ORDER
On August 12, 1991, appellant filed his Notice of Appeal (NOA) from a Board of Veterans’ Appeals (Board or BVA) decision that was mailed to him on April 11, 1990. On February 25, 1991, the Court issued an order directing appellant to show cause why his appeal should not be dismissed for lack of jurisdiction.
On March 9,1992, appellant responded to the Court’s order. Appellant states that he received neither the April 3, 1989, BVA decision, nor the April 11, 1990, BVA decision directly, but that he had to obtain copies of the decisions through his Congress persons. On page 38 of his response to the show cause order, appellant states that he received a copy of the 1990 BVA decision on approximately June 1, 1990.

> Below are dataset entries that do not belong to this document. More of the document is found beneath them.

lemma left_haar_measure_disjoint_translates:
  fixes \<mu> :: "'g::{topological_group_add,t2_space} measure"
  assumes "left_haar \<mu>" "compact S" "finite F" "disjoint_family_on (\<lambda>g. (\<lambda>x. t g + x) ` S) F"
  shows "measure \<mu> (\<Union>g\<in>F. (\<lambda>x. t g + x) ` S) = real (card F) * measure \<mu> S"
proof -
  have translate_compact: "compact ((\<lambda>x. c + x) ` S)" for c
    using assms(2) by (intro compact_continuous_image continuous_intros)
  have "emeasure \<mu> (\<Union>g\<in>F. (\<lambda>x. t g + x) ` S) = (\<Sum>g\<in>F. emeasure \<mu> ((\<lambda>x. t g + x) ` S))"
    using assms(1,3,4) translate_compact
    by (intro sum_emeasure[symmetric]) (auto simp: left_haar_sets compact_imp_closed)
  also have "\<dots> = of_nat (card F) * emeasure \<mu> S"
    using assms(1,2) by (simp add: left_haar_translate compact_imp_closed)
  finally show ?thesis by (simp add: measure_def enn2real_mult)
qed

lemma indicator_compact_in_cutoffs:
  "compact (L :: 'g::t2_space set) \<Longrightarrow> indicator L \<in> cutoffs"
  unfolding cutoffs_def by (auto simp: indicator_def compact_imp_closed)

lemma greedy_disjoint_family_on:
  assumes "\<And>F. finite F \<Longrightarrow> F \<subseteq> T \<Longrightarrow> \<exists>h\<in>T. h \<notin> F \<and> (\<forall>g\<in>F. A h \<inter> A g = {})"
  shows "\<exists>F. finite F \<and> card F = N \<and> F \<subseteq> T \<and> disjoint_family_on A F"
proof (induction N)
  case 0
  show ?case by (intro exI[of _ "{}"]) (simp add: disjoint_family_on_def)
next
  case (Suc N)
  then obtain F where F: "finite F" "card F = N" "F \<subseteq> T" "disjoint_family_on A F" by blast
  with assms obtain h where "h \<in> T" "h \<notin> F" "\<forall>g\<in>F. A h \<inter> A g = {}" by blast
  with F show ?case
    by (intro exI[of _ "insert h F"]) (auto simp: disjoint_family_on_insert)
qed

lemma not_relatively_compact_disjoint_translates:
  fixes S T :: "'g::{topological_group_add,t2_space} set"
  assumes "compact S" "\<nexists>K. compact K \<and> T \<subseteq> K"
  obtains F where "finite F" "card F = N" "F \<subseteq> T"
    "disjoint_family_on (\<lambda>g. (\<lambda>x. -g + x) ` S) F"
proof -
  (* the translates -g + S and -h + S meet only if h \<in> E + g *)
  define E where "E = (\<lambda>p. snd p - fst p) ` (S \<times> S)"
  have "compact E"
    unfolding E_def using assms(1) by (intro compact_continuous_image compact_Times continuous_intros)
  have "\<exists>h\<in>T. h \<notin> F \<and> (\<forall>g\<in>F. (\<lambda>x. -h + x) ` S \<inter> (\<lambda>x. -g + x) ` S = {})"
    if "finite F" "F \<subseteq> T" for F
  proof -
    define K where "K = F \<union> (\<lambda>p. fst p + snd p) ` (E \<times> F)"
    have "compact K"
      unfolding K_def using \<open>compact E\<close> \<open>finite F\<close>
      by (intro compact_Un finite_imp_compact[OF \<open>finite F\<close>] compact_continuous_image
          compact_Times continuous_intros)
    with assms(2) obtain h where h: "h \<in> T" "h \<notin> K" by blast
    have "(\<lambda>x. -h + x) ` S \<inter> (\<lambda>x. -g + x) ` S = {}" if "g \<in> F" for g
    proof (rule ccontr)
      assume "(\<lambda>x. -h + x) ` S \<inter> (\<lambda>x. -g + x) ` S \<noteq> {}"
      then obtain x where "x \<in> (\<lambda>x. -g + x) ` S" "x \<in> (\<lambda>x. -h + x) ` S" by blast
      then obtain s1 s2 where s: "s1 \<in> S" "s2 \<in> S" "x = -g + s1" "x = -h + s2" by blast
      have "s2 = h + x" using s(4) by simp
      also have "\<dots> = (h - g) + s1" using s(3) by (simp add: add.assoc[symmetric])
      finally have "h = (s2 - s1) + g" by (simp add: diff_eq_eq)
      moreover have "s2 - s1 \<in> E" unfolding E_def using s(1,2) by force
      ultimately have "h \<in> K" unfolding K_def using that by force
      with h(2) show False by blast
    qed
    with h show ?thesis unfolding K_def by blast
  qed
  then show thesis
    using greedy_disjoint_family_on[of T "\<lambda>g. (\<lambda>x. -g + x) ` S" N] that by blast
qed
(* Let $G$ be a finite simple graph with $s$ vertices $t_1,\dots,t_s$ and let $I_c(G)\subset S=K[t_1,\ldots,t_s]$ be its ideal of covers. If ${\rm v}(I_c(G))=s-2$, then (a) $I_c(G)$ is Cohen–Macaulay; (b) ${\rm v}_{\mathfrak p}(I_c(G))=s-2$ for every $\mathfrak p\in{\rm Ass}(I_c(G))$; (c) $(I_c(G)\colon\mathfrak p)/I_c(G)$ is a principal ideal of $S/I_c(G)$ for every $\mathfrak p\in{\rm Ass}(I_c(G))$.
   Context: $K$ is a field, $S$ has the standard grading. The ideal of covers $I_c(G)$ is generated by $\prod_{t_i\in C}t_i$ over all minimal vertex covers $C$ of $G$ (a vertex cover is a subset of $V(G)$ meeting every edge). For a graded ideal $I$, ${\rm v}(I)=\min\{d\ge0:\exists f\in S_d,\ \exists\mathfrak p\in{\rm Ass}(I),\ (I\colon f)=\mathfrak p\}$, and for $\mathfrak p\in{\rm Ass}(I)$, ${\rm v}_{\mathfrak p}(I)=\min\{d\ge0:\exists f\in S_d,\ (I\colon f)=\mathfrak p\}$. An ideal $I$ is Cohen–Macaulay if ${\rm pd}_S(S/I)={\rm ht}(I)$. *)

theory Defs
  imports "HOL-Library.Poly_Mapping" "HOL-Library.Extended_Nat"
begin

type_synonym ('v, 'k) mpoly = "('v \<Rightarrow>\<^sub>0 nat) \<Rightarrow>\<^sub>0 'k"

definition Var :: "'v \<Rightarrow> ('v, 'k::field) mpoly" where
  "Var i = Poly_Mapping.single (Poly_Mapping.single i 1) 1"

definition mdeg :: "('v \<Rightarrow>\<^sub>0 nat) \<Rightarrow> nat" where
  "mdeg m = (\<Sum>i\<in>Poly_Mapping.keys m. Poly_Mapping.lookup m i)"

definition homog :: "nat \<Rightarrow> ('v, 'k::field) mpoly set" where
  "homog d = {f. \<forall>m\<in>Poly_Mapping.keys f. mdeg m = d}"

The ultimate burden of establishing jurisdiction rests with an appellant. To be timely filed under this Court’s rules (U.S.Vet.App.R. 4) and precedents construing 38 U.S.C. § 7266(a) (formerly § 4066(a)), an NOA must be actually received by the Court within 120 days after the BVA decision is mailed to an appellant. See Elsevier v. Derwinski, 1 Vet.App. 150 *453(1991); Torres v. Derwinski, 1 Vet.App. 15 (1990). This Court’s jurisdiction derives exclusively from statutory grants of authority provided by Congress, and this Court may not extend its jurisdiction beyond that permitted by law. See Christianson v. Colt Industries Operating Corp., 486 U.S. 800, 818, 108 S.Ct. 2166, 2178, 100 L.Ed.2d 811 (1988); see also Prenzler v. Derwinski, 928 F.2d 392 (Fed.Cir.1991); Skinner v. Derwinski, 1 Vet.App. 2 (1990).
Appellant’s appeal was processed in the normal course of business — a process which is entitled to the presumption of administrative regularity in the absence of evidence to the contrary. See Morris v. Sullivan, 897 F.2d 553, 560 (D.C.Cir.1990) (quoting United States v. Chemical Foundation, 272 U.S. 1, 14-15, 47 S.Ct. 1, 6, 71 L.Ed. 131 (1926) (“The presumption of regularity supports the official acts of public officers and, in the absence of clear evidence to the contrary, courts presume that they have properly discharged their official duties.”). Appellant has not shown that a copy of the BVA decision was not mailed to him in the normal course of business. See Ashley v. Derwinski, 2 Vet.App. 62, 64-67 (1992).
More importantly, however, appellant states that he received a copy of the April 11, 1990, decision on or around June 1, 1990. Even assuming appellant could show that he did not receive a copy of the BVA decision until June 1990, he offers no explanation why he waited for over a year to file his appeal from that decision. This case, therefore, does not present the extraordinary and carefully circumscribed conditions necessary to warrant equitable tolling under Irwin v. Veterans Admin., 498 U.S. 89, -, 111 S.Ct. 453, 458, 112 L.Ed.2d 435 (1990), in which the Supreme Court applied the principles of equitable tolling to cases where the United States is a party but held that those “principles ... do not extend to what is at best a garden variety claim of excusable neglect.” See also Butler v. Derwinski, 960 F.2d 139, 141 (Fed.Cir.1992) (Court held that 38 U.S.C. § 7266(a) (formerly § 4066(a)) does not allow an extension of time upon a showing of good cause). Accordingly, it is
ORDERED that the Secretary’s motion to dismiss is granted and that the appeal is dismissed for lack of jurisdiction.